WHAT IS NEEDED: The required result is a copy of each line below in which "simp" appears.

RECORDED INFORMATION:
::::
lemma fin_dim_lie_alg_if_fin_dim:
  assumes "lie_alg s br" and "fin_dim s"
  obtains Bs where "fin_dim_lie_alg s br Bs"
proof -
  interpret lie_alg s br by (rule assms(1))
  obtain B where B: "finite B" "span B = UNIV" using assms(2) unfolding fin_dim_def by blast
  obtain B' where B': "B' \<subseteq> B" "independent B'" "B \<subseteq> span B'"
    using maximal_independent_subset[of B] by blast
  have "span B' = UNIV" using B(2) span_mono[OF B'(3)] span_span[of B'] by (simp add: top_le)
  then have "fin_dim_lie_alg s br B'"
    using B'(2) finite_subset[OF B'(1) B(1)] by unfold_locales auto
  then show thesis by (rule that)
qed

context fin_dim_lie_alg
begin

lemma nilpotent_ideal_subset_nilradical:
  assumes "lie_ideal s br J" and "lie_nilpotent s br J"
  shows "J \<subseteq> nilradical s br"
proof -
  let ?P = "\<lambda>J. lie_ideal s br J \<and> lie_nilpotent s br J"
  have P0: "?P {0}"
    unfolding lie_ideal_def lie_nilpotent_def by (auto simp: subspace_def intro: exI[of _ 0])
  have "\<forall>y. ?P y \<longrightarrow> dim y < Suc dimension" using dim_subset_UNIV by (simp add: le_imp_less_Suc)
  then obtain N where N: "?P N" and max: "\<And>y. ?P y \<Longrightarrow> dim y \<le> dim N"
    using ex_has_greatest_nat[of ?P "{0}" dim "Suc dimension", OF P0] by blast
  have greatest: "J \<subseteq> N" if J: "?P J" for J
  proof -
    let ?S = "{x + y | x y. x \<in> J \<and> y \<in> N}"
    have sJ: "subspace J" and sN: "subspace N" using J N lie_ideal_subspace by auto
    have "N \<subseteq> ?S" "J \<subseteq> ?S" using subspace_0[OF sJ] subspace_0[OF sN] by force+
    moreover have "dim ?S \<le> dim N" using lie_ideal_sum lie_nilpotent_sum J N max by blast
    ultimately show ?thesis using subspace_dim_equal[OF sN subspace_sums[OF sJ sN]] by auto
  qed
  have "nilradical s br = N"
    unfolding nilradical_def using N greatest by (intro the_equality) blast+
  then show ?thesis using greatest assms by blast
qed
::::
REPLY:
  have "span B' = UNIV" using B(2) span_mono[OF B'(3)] span_span[of B'] by (simp add: top_le)
    unfolding lie_ideal_def lie_nilpotent_def by (auto simp: subspace_def intro: exI[of _ 0])
  have "\<forall>y. ?P y \<longrightarrow> dim y < Suc dimension" using dim_subset_UNIV by (simp add: le_imp_less_Suc)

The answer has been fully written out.